Hehheh. I worked as a 14 year old for a year washing dishes at a hotel restaurant just to purchase my cherished, $700, '79 LP Deluxe in the early '80's...Wine Red.

Irreplaceable IMO.


----------



## JBFairthorne (Oct 11, 2014)

I don't understand how you can afford to make payments, but you can't afford to save the same amount in the same period of time. I realize we all have our dream guitar, I know I certainly do, but maybe if money is THAT tight you should reconsider whether spending $2400 on a guitar makes sense. There are lots of guitars I would love that are upwards of $1000, but for me, spending more than that, as a non-gigging musician, just doesn't make sense. It doesn't help alleviate the desire though...

As an alternative, maybe consider selling some of your other gear. If THIS guitar is that important to you, then you should be able to get your head around selling some items that you otherwise might not consider selling.

Either way, it's all about what makes you happy (so long as you're not making someone else unhappy in the process). Best of luck.


----------



## silvertonebetty (Jan 4, 2015)

im not going to ask just going to have to try and save

proud boogie owner


----------



## knight_yyz (Mar 14, 2015)

If you are buying a Gibson, just because it is a Gibson, then I guess this is a moot point...

Go to a guitar store and pick up a Prestige Heritage Premier. Less than 2 k and it will blow you away. Play it and see what you think. Then go grab a Gibson and play it. I've said this numerous times, but a an old buddy of mine sold all of his Gibson custom shops once he picked up the Heritage. He says they play as well as or better than his high end Gibsons. I've never played a Gibson, so I can not compare to anything I have, but I trust this guy, he's been playing since he could hold a guitar. 
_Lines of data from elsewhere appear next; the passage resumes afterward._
(* Let $\sigma$ be a strategy on an arena $A$. If $sm\in\sigma$ and $tn\in\sigma$ (with $m,n$ single move occurrences) and $\mathrm{GR}(s)=\mathrm{GR}(t)$, then there exists an $\mathcal O$-renaming $\varsigma$ such that $sm=(tn)\varsigma$.
   Context: First-order variables are split into three disjoint countable sets: $\mathcal A$-, $\mathcal O$- and $\mathcal P$-variables. $\mathcal{AP}$-terms (resp. $\mathcal{OP}$-terms) are first-order terms built from $\mathcal A$- and $\mathcal P$-variables (resp. $\mathcal O$- and $\mathcal P$-variables). Arena: a finite forest whose nodes (moves) carry a first-order label (a list of $\mathcal A$-variables, all distinct across the arena) and an atomic label (a list of atomic formulas $X\,t_1\dots t_k$ with $\mathcal{AP}$-terms whose $\mathcal A$-variables occur in the first-order label of the node or an ancestor). Polarity is depth parity: even = Opponent (O), odd = Player (P); roots are initial. Justified sequence: finite sequence of move occurrences; each non-initial occurrence has a $\lambda$-pointer to an earlier occurrence of its father; each element of the atomic label of an occurrence has at most one $\mu$-pointer to an element of the atomic label of an earlier occurrence of opposite polarity. Instantiations: each O-move occurrence carries an $\mathcal O$-instantiation (list of $\mathcal O$-variables of the length of its first-order label), each P-move occurrence a $\mathcal P$-instantiation (list of $\mathcal{OP}$-terms of that length); all $\mathcal O$-variables in $\mathcal O$-instantiations distinct. For an occurrence $m$ with instantiation $[t_1..t_k]$ and first-order label $[x_1..x_k]$, $\theta_m=\{x_i\mapsto t_i\}$ if $m$ is initial, else $\theta_n\cup\{x_i\mapsto t_i\}$ with $n$ its $\lambda$-justifier. Play: instantiated justified sequence with alternating polarities, no $\mu$-pointers from O-moves, exactly one $\mu$-pointer from each element of the atomic label of each P-move, every $\mu$-pointer from $X\,t_1..t_k$ at $m$ to $Y\,u_1..u_p$ at $n$ satisfying $X=Y$, $k=p$, $t_i\theta_m=u_i\theta_n$, and every $\mathcal O$-variable in a $\mathcal P$-instantiation occurring in an earlier $\mathcal O$-instantiation. An $\mathcal O$-renaming is an injection $\varsigma$ of $\mathcal O$-variables into themselves; $s\varsigma$ replaces each $o$ by $\varsigma(o)$ in all instantiations. Strategy: non-empty set of even-length plays closed under even-length prefixes, deterministic ($sm,sn\in\sigma\Rightarrow sm=sn$, including pointers and instantiations) and uniform (closed under $\mathcal O$-renamings). $\mathrm{GR}(s)$ is the sequence obtained from a play $s$ by erasing all instantiations and all $\mu$-pointers (keeping moves and $\lambda$-pointers). *)

theory Defs
  imports Main
begin

datatype var = AV nat | OV nat | PV nat

datatype trm = Var var | Fn nat "trm list"

fun tvars :: "trm \<Rightarrow> var set" where
  "tvars (Var v) = {v}"
| "tvars (Fn f ts) = \<Union> (set (map tvars ts))"

fun tsubst :: "(var \<Rightarrow> trm) \<Rightarrow> trm \<Rightarrow> trm" where
  "tsubst \<rho> (Var v) = \<rho> v"
| "tsubst \<rho> (Fn f ts) = Fn f (map (tsubst \<rho>) ts)"

definition is_AV :: "var \<Rightarrow> bool" where "is_AV v \<longleftrightarrow> (\<exists>x. v = AV x)"
definition is_OV :: "var \<Rightarrow> bool" where "is_OV v \<longleftrightarrow> (\<exists>x. v = OV x)"
definition is_PV :: "var \<Rightarrow> bool" where "is_PV v \<longleftrightarrow> (\<exists>x. v = PV x)"

definition OP_term :: "trm \<Rightarrow> bool" where
  "OP_term t \<longleftrightarrow> (\<forall>v\<in>tvars t. is_OV v \<or> is_PV v)"

text \<open>An atomic formula: a predicate symbol X applied to a list of terms.\<close>
type_synonym atom = "nat \<times> trm list"

text \<open>A forest of moves given by a parent function; first-order labels are lists of
  A-variables (given by their indices); atomic labels are lists of atomic formulas.\<close>
record 'm arena =
  moves :: "'m set"
  par   :: "'m \<Rightarrow> 'm option"
  fol   :: "'m \<Rightarrow> nat list"
  atl   :: "'m \<Rightarrow> atom list"

definition parrel :: "'m arena \<Rightarrow> ('m \<times> 'm) set" where
  "parrel A = {(p, m). m \<in> moves A \<and> par A m = Some p}"

definition ancestors :: "'m arena \<Rightarrow> 'm \<Rightarrow> 'm set" where
  "ancestors A m = {p. (p, m) \<in> (parrel A)\<^sup>+}"

definition depth :: "'m arena \<Rightarrow> 'm \<Rightarrow> nat" where
  "depth A m = card (ancestors A m)"

definition is_O :: "'m arena \<Rightarrow> 'm \<Rightarrow> bool" where
  "is_O A m \<longleftrightarrow> even (depth A m)"

definition initial :: "'m arena \<Rightarrow> 'm \<Rightarrow> bool" where
  "initial A m \<longleftrightarrow> par A m = None"

definition arena :: "'m arena \<Rightarrow> bool" where
  "arena A \<longleftrightarrow>
     finite (moves A) \<and>
     (\<forall>m\<in>moves A. \<forall>p. par A m = Some p \<longrightarrow> p \<in> moves A) \<and>
     wf (parrel A) \<and>
     (\<forall>m\<in>moves A. distinct (fol A m)) \<and>
     (\<forall>m\<in>moves A. \<forall>m'\<in>moves A. m \<noteq> m' \<longrightarrow> set (fol A m) \<inter> set (fol A m') = {}) \<and>
     (\<forall>m\<in>moves A. \<forall>a\<in>set (atl A m). \<forall>t\<in>set (snd a). \<forall>v\<in>tvars t.
        is_PV v \<or> (\<exists>x. v = AV x \<and> (\<exists>p\<in>insert m (ancestors A m). x \<in> set (fol A p))))"

text \<open>A move occurrence: the move, its lambda-pointer (index of an earlier occurrence),
  one optional mu-pointer per element of the atomic label (pointing to
  (occurrence index, atom index)), and its instantiation.\<close>
record 'm occ =
  mv   :: 'm
  jp   :: "nat option"
  mup  :: "(nat \<times> nat) option list"
  inst :: "trm list"

type_synonym subst = "nat \<Rightarrow> trm option"   \<comment> \<open>partial map on A-variable indices\<close>

definition theta_step :: "'m arena \<Rightarrow> subst list \<Rightarrow> 'm occ \<Rightarrow> subst list" where
  "theta_step A acc oc =
     acc @ [(case jp oc of
               Some j \<Rightarrow> (if j < length acc then acc ! j else Map.empty)
             | None \<Rightarrow> Map.empty) ++ map_of (zip (fol A (mv oc)) (inst oc))]"

text \<open>thetas A s ! i is the substitution theta of the i-th occurrence.\<close>
definition thetas :: "'m arena \<Rightarrow> 'm occ list \<Rightarrow> subst list" where
  "thetas A s = foldl (theta_step A) [] s"

definition apply_subst :: "subst \<Rightarrow> trm \<Rightarrow> trm" where
  "apply_subst \<theta> t = tsubst (\<lambda>v. case v of AV x \<Rightarrow> (case \<theta> x of Some u \<Rightarrow> u | None \<Rightarrow> Var (AV x))
                                        | _ \<Rightarrow> Var v) t"

definition occ_O :: "'m arena \<Rightarrow> 'm occ \<Rightarrow> bool" where
  "occ_O A oc \<longleftrightarrow> is_O A (mv oc)"

definition Oinst_vars :: "'m occ \<Rightarrow> nat list" where
  "Oinst_vars oc = map (\<lambda>t. case t of Var (OV x) \<Rightarrow> x | _ \<Rightarrow> 0) (inst oc)"

definition justified :: "'m arena \<Rightarrow> 'm occ list \<Rightarrow> bool" where
  "justified A s \<longleftrightarrow>
    (\<forall>i < length s.
       mv (s!i) \<in> moves A \<and>
       (case par A (mv (s!i)) of
          None \<Rightarrow> jp (s!i) = None
        | Some p \<Rightarrow> (\<exists>j < i. jp (s!i) = Some j \<and> mv (s!j) = p)) \<and>
       length (mup (s!i)) = length (atl A (mv (s!i))) \<and>
       (\<forall>ptr \<in> set (mup (s!i)). \<forall>j k. ptr = Some (j, k) \<longrightarrow>
          j < i \<and> k < length (atl A (mv (s!j))) \<and> (occ_O A (s!j) \<noteq> occ_O A (s!i))))"

definition instantiated :: "'m arena \<Rightarrow> 'm occ list \<Rightarrow> bool" where
  "instantiated A s \<longleftrightarrow>
    justified A s \<and>
    (\<forall>i < length s. length (inst (s!i)) = length (fol A (mv (s!i))) \<and>
       (if occ_O A (s!i) then (\<forall>t\<in>set (inst (s!i)). \<exists>x. t = Var (OV x))
        else (\<forall>t\<in>set (inst (s!i)). OP_term t))) \<and>
    distinct (concat (map Oinst_vars (filter (occ_O A) s)))"

definition play :: "'m arena \<Rightarrow> 'm occ list \<Rightarrow> bool" where
  "play A s \<longleftrightarrow>
    instantiated A s \<and>
    (\<forall>i. Suc i < length s \<longrightarrow> occ_O A (s!Suc i) \<noteq> occ_O A (s!i)) \<and>
    (\<forall>i < length s. occ_O A (s!i) \<longrightarrow> (\<forall>ptr\<in>set (mup (s!i)). ptr = None)) \<and>
    (\<forall>i < length s. \<not> occ_O A (s!i) \<longrightarrow> (\<forall>ptr\<in>set (mup (s!i)). ptr \<noteq> None)) \<and>
    (\<forall>i < length s. \<forall>a < length (mup (s!i)). \<forall>j k. mup (s!i) ! a = Some (j, k) \<longrightarrow>
       (let (X, ts) = atl A (mv (s!i)) ! a; (Y, us) = atl A (mv (s!j)) ! k in
        X = Y \<and> length ts = length us \<and>
        map (apply_subst (thetas A s ! i)) ts = map (apply_subst (thetas A s ! j)) us)) \<and>
    (\<forall>i < length s. \<not> occ_O A (s!i) \<longrightarrow>
       (\<forall>t\<in>set (inst (s!i)). \<forall>x. OV x \<in> tvars t \<longrightarrow>
          (\<exists>j < i. occ_O A (s!j) \<and> Var (OV x) \<in> set (inst (s!j)))))"

definition rename_trm :: "(nat \<Rightarrow> nat) \<Rightarrow> trm \<Rightarrow> trm" where
  "rename_trm \<rho> t = tsubst (\<lambda>v. case v of OV x \<Rightarrow> Var (OV (\<rho> x)) | _ \<Rightarrow> Var v) t"

definition rename :: "(nat \<Rightarrow> nat) \<Rightarrow> 'm occ list \<Rightarrow> 'm occ list" where
  "rename \<rho> s = map (\<lambda>oc. oc\<lparr>inst := map (rename_trm \<rho>) (inst oc)\<rparr>) s"

definition O_renaming :: "(nat \<Rightarrow> nat) \<Rightarrow> bool" where
  "O_renaming \<rho> \<longleftrightarrow> inj \<rho>"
This is the top of the line from then, you can go lower and grab a Classic SB for a little less


----------



## Scotty (Jan 30, 2013)

knight_yyz said:


> If you are buying a Gibson, just because it is a Gibson, then I guess this is a moot point...
> 
> Go to a guitar store and pick up a Prestige Heritage Premier. Less than 2 k and it will blow you away. Play it and see what you think. Then go grab a Gibson and play it. I've said this numerous times, but a an old buddy of mine sold all of his Gibson custom shops once he picked up the Heritage. He says they play as well as or better than his high end Gibsons. I've never played a Gibson, so I can not compare to anything I have, but I trust this guy, he's been playing since he could hold a guitar.
> 
> ...



Here's a case in point where offshore can be outstanding. Quality Canadian woods but, manufactured in China if I'm not mistaken.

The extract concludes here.